The document also highlights opportunities for tax planning through the ‘bump’ rules. These rules allow for an increase in the tax cost base of non-depreciable capital assets to their fair market value. This provides a valuable planning tool for buyers, particularly if the conditions for the bump under ITA Section 88(1)(d) are not satisfied. Essentially, the ‘bump’ rules allow the buyer to step up the tax basis of the assets, potentially reducing future tax liabilities.

Navigating Sales Taxes

The application of GST, HST, and PST in business transactions varies depending on the nature of the sale. Share sales are exempt from these taxes, whereas asset sales may be subject to them unless exemptions apply. An election under Section 167(1) of the Excise Tax Act (ETA) allows some transactions to be free of GST/HST, provided specific conditions, such as both parties being GST/HST registrants and the buyer using the property in their commercial activities, are met.
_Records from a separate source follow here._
lemma herm_form_pos_def_sym:
  assumes X: "pos_def_sym X" and "v \<noteq> 0"
  shows "herm_form X v = complex_of_real (Re (herm_form X v))" and "Re (herm_form X v) > 0"
proof -
  have "Im (herm_form X v) = 0"
    using X by (simp add: Im_herm_form pos_def_sym_def symmetric_mat_inner_commute)
  then show "herm_form X v = complex_of_real (Re (herm_form X v))"
    by (simp add: complex_eq_iff)
  have nonneg: "w \<bullet> (X *v w) \<ge> 0" for w
    using X by (cases "w = 0") (auto simp: pos_def_sym_def less_imp_le)
  have "Re_vec v \<noteq> 0 \<or> Im_vec v \<noteq> 0"
    using \<open>v \<noteq> 0\<close> by (auto simp: Re_vec_def Im_vec_def vec_eq_iff complex_eq_iff)
  then show "Re (herm_form X v) > 0"
    using X nonneg unfolding Re_herm_form pos_def_sym_def
    by (metis add_nonneg_pos add_pos_nonneg)
qed

lemma herm_form_mult_eigenvector:
  assumes "cmat N *v v = c *s v"
  shows "herm_form (A ** N) v = c * herm_form A v"
proof -
  have "cmat (A ** N) = cmat A ** cmat N"
    by (simp add: cmat_def matrix_matrix_mult_def vec_eq_iff)
  then have "cmat (A ** N) *v v = cmat A *v (c *s v)"
    by (simp add: matrix_vector_mul_assoc[symmetric] assms)
  also have "\<dots> = c *s (cmat A *v v)"
    by (simp add: matrix_vector_mult_def vec_eq_iff sum_distrib_left algebra_simps)
  finally show ?thesis
    unfolding herm_form_def by (simp add: sum_distrib_left algebra_simps)
qed

lemma eigenvalue_real_pos_if_pos_def_sym_mult:
  fixes A N :: "real^'n^'n"
  assumes A: "pos_def_sym A" and AN: "pos_def_sym (A ** N)" and "c \<in> eigenvalues N"
  shows "Im c = 0 \<and> Re c > 0"
proof -
  obtain v :: "complex^'n" where "v \<noteq> 0" and v: "cmat N *v v = c *s v"
    using \<open>c \<in> eigenvalues N\<close> by (auto simp: eigenvalues_def)
  define \<alpha> where "\<alpha> = Re (herm_form A v)"
  define \<beta> where "\<beta> = Re (herm_form (A ** N) v)"
  have "complex_of_real \<beta> = c * complex_of_real \<alpha>"
    using herm_form_mult_eigenvector[OF v, of A]
      herm_form_pos_def_sym(1)[OF A \<open>v \<noteq> 0\<close>] herm_form_pos_def_sym(1)[OF AN \<open>v \<noteq> 0\<close>]
    by (simp add: \<alpha>_def \<beta>_def)
  moreover have "\<alpha> > 0" "\<beta> > 0"
    using herm_form_pos_def_sym(2)[OF A \<open>v \<noteq> 0\<close>] herm_form_pos_def_sym(2)[OF AN \<open>v \<noteq> 0\<close>]
    by (simp_all add: \<alpha>_def \<beta>_def)
  ultimately have "c = complex_of_real (\<beta> / \<alpha>)"
    by (simp add: field_simps)
  with \<open>\<alpha> > 0\<close> \<open>\<beta> > 0\<close> show ?thesis
    by simp
qed
lemma perm_vec_polytabloid:
  assumes \<pi>: "\<pi> permutes {0..<r}"
  shows "perm_vec \<pi> (polytabloid la r T) = polytabloid la r (\<pi> \<circ> T)"
proof
  fix s
  define g where "g \<sigma> = (if tabloid_of la r (\<sigma> \<circ> (\<pi> \<circ> T)) = s then sign \<sigma> else 0)" for \<sigma>
  have "polytabloid la r (\<pi> \<circ> T) s = (\<Sum>\<rho>\<in>C. g (\<pi> \<circ> \<rho> \<circ> inv \<pi>))"
    using sum.reindex_bij_betw[OF bij_betw_conj_column_group[OF \<pi>], of g] by (simp add: polytabloid_def g_def)
  also have "\<dots> = (\<Sum>\<rho>\<in>C. if tabloid_of la r (\<rho> \<circ> T) = s \<circ> \<pi> then sign \<rho> else 0)"
  proof (intro sum.cong refl)
    fix \<rho> assume \<rho>: "\<rho> \<in> C"
    have "\<pi> \<circ> \<rho> \<circ> inv \<pi> \<circ> (\<pi> \<circ> T) = \<pi> \<circ> (\<rho> \<circ> T)"
      by (simp add: fun_eq_iff permutes_inverses[OF \<pi>])
    moreover have "tabloid_of la r (\<pi> \<circ> (\<rho> \<circ> T)) = tabloid_of la r (\<rho> \<circ> T) \<circ> inv \<pi>"
      by (rule tableau.tabloid_of_comp_permutes[OF tableau_comp_permutes[OF column_group_permutes[OF \<rho>]] \<pi>])
    moreover have "X \<circ> inv \<pi> = s \<longleftrightarrow> X = s \<circ> \<pi>" for X :: "nat \<Rightarrow> nat"
      by (auto simp: fun_eq_iff permutes_inverses[OF \<pi>] dest: spec[of _ "\<pi> _"])
    moreover have "sign (\<pi> \<circ> \<rho> \<circ> inv \<pi>) = sign \<rho>"
    proof -
      have p: "permutation \<pi>" "permutation (inv \<pi>)" "permutation \<rho>"
        using \<pi> permutes_inv[OF \<pi>] column_group_permutation[OF \<rho>] permutation_permutes by blast+
      then show ?thesis by (simp add: sign_compose permutation_compose sign_inverse)
    qed
    ultimately show "g (\<pi> \<circ> \<rho> \<circ> inv \<pi>) = (if tabloid_of la r (\<rho> \<circ> T) = s \<circ> \<pi> then sign \<rho> else 0)"
      by (simp add: g_def)
  qed
  also have "\<dots> = perm_vec \<pi> (polytabloid la r T) s"
    by (simp add: perm_vec_def polytabloid_def)
  finally show "perm_vec \<pi> (polytabloid la r T) s = polytabloid la r (\<pi> \<circ> T) s" ..
qed

lemma polytabloid_vanishes_outside_tabloids:
  "s \<notin> tabloids la r \<Longrightarrow> polytabloid la r T s = 0"
  using tableau.tabloid_of_in_tabloids[OF tableau_comp_permutes[OF column_group_permutes]]
  unfolding polytabloid_def by (intro sum.neutral) auto

end

lemma polytabloid_conjugate:
  assumes T: "T \<in> tableaux la r" and T': "T' \<in> tableaux la r"
  shows "\<exists>\<pi>. \<pi> permutes {0..<r} \<and> polytabloid la r T' = perm_vec \<pi> (polytabloid la r T)"
proof -
  interpret tableau la r T using T by (simp add: tableau_def tableaux_def)
  have T': "bij_betw T' (young_diagram la) {0..<r}" using T' by (simp add: tableaux_def)
  define \<pi> where "\<pi> k = (if k < r then T' (box_of la T k) else k)" for k
  have "bij_betw (box_of la T) {0..<r} (young_diagram la)"
    unfolding box_of_def by (rule bij_betw_inv_into[OF tableau])
  then have "bij_betw (T' \<circ> box_of la T) {0..<r} {0..<r}" using T' by (rule bij_betw_trans)
  then have "bij_betw \<pi> {0..<r} {0..<r}" by (rule bij_betw_cong[THEN iffD1, rotated]) (simp add: \<pi>_def)
  then have \<pi>: "\<pi> permutes {0..<r}" by (rule bij_imp_permutes) (simp add: \<pi>_def)
  have "polytabloid la r T' = polytabloid la r (\<pi> \<circ> T)"
    by (rule polytabloid_cong) (simp add: \<pi>_def tableau_less box_of_tableau)
  then show ?thesis using perm_vec_polytabloid[OF \<pi>] \<pi> by metis
qed

lemma specht_I:
  "finite F \<Longrightarrow> F \<subseteq> tableaux la r \<Longrightarrow> (\<lambda>s. \<Sum>T\<in>F. c T * polytabloid la r T s) \<in> specht la r"
  unfolding specht_def by blast

lemma specht_E:
  assumes "v \<in> specht la r"
  obtains F c where "finite F" "F \<subseteq> tableaux la r" "v = (\<lambda>s. \<Sum>T\<in>F. c T * polytabloid la r T s)"
  using assms unfolding specht_def by blast

lemma specht_zero: "(\<lambda>_. 0) \<in> specht la r"
  using specht_I[of "{}" la r] by simp

lemma polytabloid_in_specht: "T \<in> tableaux la r \<Longrightarrow> polytabloid la r T \<in> specht la r"
  using specht_I[of "{T}" la r "\<lambda>_. 1"] by simp

lemma specht_add:
  assumes "x \<in> specht la r" and "y \<in> specht la r"
  shows "(\<lambda>s. x s + y s) \<in> specht la r"
proof -
  obtain F1 c1 where F1: "finite F1" "F1 \<subseteq> tableaux la r" "x = (\<lambda>s. \<Sum>T\<in>F1. c1 T * polytabloid la r T s)"
    using assms(1) by (rule specht_E)
  obtain F2 c2 where F2: "finite F2" "F2 \<subseteq> tableaux la r" "y = (\<lambda>s. \<Sum>T\<in>F2. c2 T * polytabloid la r T s)"
    using assms(2) by (rule specht_E)
  let ?c = "\<lambda>T. (if T \<in> F1 then c1 T else 0) + (if T \<in> F2 then c2 T else 0)"
  have fin: "finite (F1 \<union> F2)" using F1 F2 by simp
  have "(\<Sum>T\<in>F1 \<union> F2. ?c T * polytabloid la r T s) =
      (\<Sum>T\<in>F1 \<union> F2. if T \<in> F1 then c1 T * polytabloid la r T s else 0) +
      (\<Sum>T\<in>F1 \<union> F2. if T \<in> F2 then c2 T * polytabloid la r T s else 0)" for s
    by (simp add: sum.distrib[symmetric] distrib_right if_distrib[of "\<lambda>a. a * _"] cong: if_cong)
  also have "\<dots> s = x s + y s" for s
    using sum.inter_restrict[OF fin, of "\<lambda>T. c1 T * polytabloid la r T s" F1]
      sum.inter_restrict[OF fin, of "\<lambda>T. c2 T * polytabloid la r T s" F2] F1(3) F2(3)
    by (simp add: Un_Int_eq)
  finally have "(\<lambda>s. x s + y s) = (\<lambda>s. \<Sum>T\<in>F1 \<union> F2. ?c T * polytabloid la r T s)" by simp
  then show ?thesis using specht_I[OF fin] F1(2) F2(2) by simp
qed

lemma specht_scale:
  assumes "x \<in> specht la r"
  shows "(\<lambda>s. a * x s) \<in> specht la r"
proof -
  obtain F c where F: "finite F" "F \<subseteq> tableaux la r" "x = (\<lambda>s. \<Sum>T\<in>F. c T * polytabloid la r T s)"
    using assms by (rule specht_E)
  then have "(\<lambda>s. a * x s) = (\<lambda>s. \<Sum>T\<in>F. (a * c T) * polytabloid la r T s)"
    by (simp add: sum_distrib_left mult.assoc)
  then show ?thesis using specht_I[OF F(1,2)] by simp
qed

lemma specht_diff: "x \<in> specht la r \<Longrightarrow> y \<in> specht la r \<Longrightarrow> (\<lambda>s. x s - y s) \<in> specht la r"
  using specht_add[OF _ specht_scale, of x la r y "- 1"] by simp

lemma specht_sum:
  "finite I \<Longrightarrow> (\<And>i. i \<in> I \<Longrightarrow> v i \<in> specht la r) \<Longrightarrow> (\<lambda>s. \<Sum>i\<in>I. v i s) \<in> specht la r"
  by (induction I rule: finite_induct) (simp_all add: specht_zero specht_add)

lemma perm_vec_in_specht:
  assumes \<pi>: "\<pi> permutes {0..<r}" and "x \<in> specht la r"
  shows "perm_vec \<pi> x \<in> specht la r"
proof -
  obtain F c where F: "finite F" "F \<subseteq> tableaux la r" "x = (\<lambda>s. \<Sum>T\<in>F. c T * polytabloid la r T s)"
    using assms(2) by (rule specht_E)
  have tab: "tableau la r T" if "T \<in> F" for T
    using F(2) that by (auto simp: tableau_def tableaux_def)
  have "perm_vec \<pi> x = (\<lambda>s. \<Sum>T\<in>F. c T * perm_vec \<pi> (polytabloid la r T) s)"
    by (simp add: F(3) perm_vec_def)
  also have "\<dots> = (\<lambda>s. \<Sum>T\<in>F. c T * polytabloid la r (\<pi> \<circ> T) s)"
    using tableau.perm_vec_polytabloid[OF tab \<pi>] by simp
  finally show ?thesis
    using tableau.tableau_comp_permutes[OF tab \<pi>]
    by (auto simp: tableau_def tableaux_def intro!: specht_sum specht_scale polytabloid_in_specht F(1))
qed

lemma specht_vanishes_outside_tabloids:
  assumes "v \<in> specht la r" and "s \<notin> tabloids la r"
  shows "v s = 0"
proof -
  obtain F c where F: "F \<subseteq> tableaux la r" "v = (\<lambda>s. \<Sum>T\<in>F. c T * polytabloid la r T s)"
    using assms(1) by (rule specht_E)
  have "polytabloid la r T s = 0" if "T \<in> F" for T
    using F(1) that assms(2)
    by (intro tableau.polytabloid_vanishes_outside_tabloids) (auto simp: tableau_def tableaux_def)
  then show ?thesis using F(2) by simp
qed

lemma specht_exists_tabloid_inner_ne_0:
  assumes z: "z \<in> specht la r" and "z \<noteq> (\<lambda>_. 0)"
  shows "\<exists>T\<in>tableaux la r. tabloid_inner la r z (polytabloid la r T) \<noteq> 0"
proof -
  obtain F c where F: "finite F" "F \<subseteq> tableaux la r" "z = (\<lambda>s. \<Sum>T\<in>F. c T * polytabloid la r T s)"
    using z by (rule specht_E)
  obtain s0 where "z s0 \<noteq> 0" using assms(2) by auto
  then have s0: "s0 \<in> tabloids la r" "0 < z s0 * z s0"
    using specht_vanishes_outside_tabloids[OF z] by (blast, simp add: zero_less_mult_iff, arith)
  have "0 < tabloid_inner la r z z"
    unfolding tabloid_inner_def
    using member_le_sum[OF s0(1), of "\<lambda>s. z s * z s"] s0(2) finite_tabloids by fastforce
  also have "tabloid_inner la r z z = (\<Sum>T\<in>F. c T * tabloid_inner la r z (polytabloid la r T))"
    unfolding tabloid_inner_def
    by (subst (2) F(3)) (simp add: sum_distrib_left sum_distrib_right sum.swap[of _ F] mult_ac)
  finally have "(\<Sum>T\<in>F. c T * tabloid_inner la r z (polytabloid la r T)) \<noteq> 0" by simp
  then obtain T where "T \<in> F" "c T * tabloid_inner la r z (polytabloid la r T) \<noteq> 0"
    by (meson sum.neutral)
  then show ?thesis using F(2) by auto
qed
Considerations for Non-Resident Sellers

For non-resident sellers of taxable Canadian property (TCP), such as certain real estate and shares, it’s crucial to comply with Canadian tax obligations. Non-residents must notify the CRA and secure a clearance certificate to avoid the buyer’s withholding obligations. This ensures compliance with Canadian tax law and helps avoid potential legal complications.

Conclusion

Navigating the tax implications of buying or selling a business in Canada can be complex, but with the right strategies and understanding, both buyers and sellers can optimize their transactions for financial success. Whether you’re considering an asset sale, a share sale, or a combination of both, it’s crucial to consider all commercial, legal, and tax factors. By planning strategically and leveraging available tax provisions, you can ensure that your business transaction aligns with your financial goals.

If you’re contemplating a business transaction, I encourage you to seek professional legal and tax advice to explore all available options and tailor a strategy that best suits your needs. With careful planning and informed decision-making, you can navigate the tax maze and achieve a successful business transaction.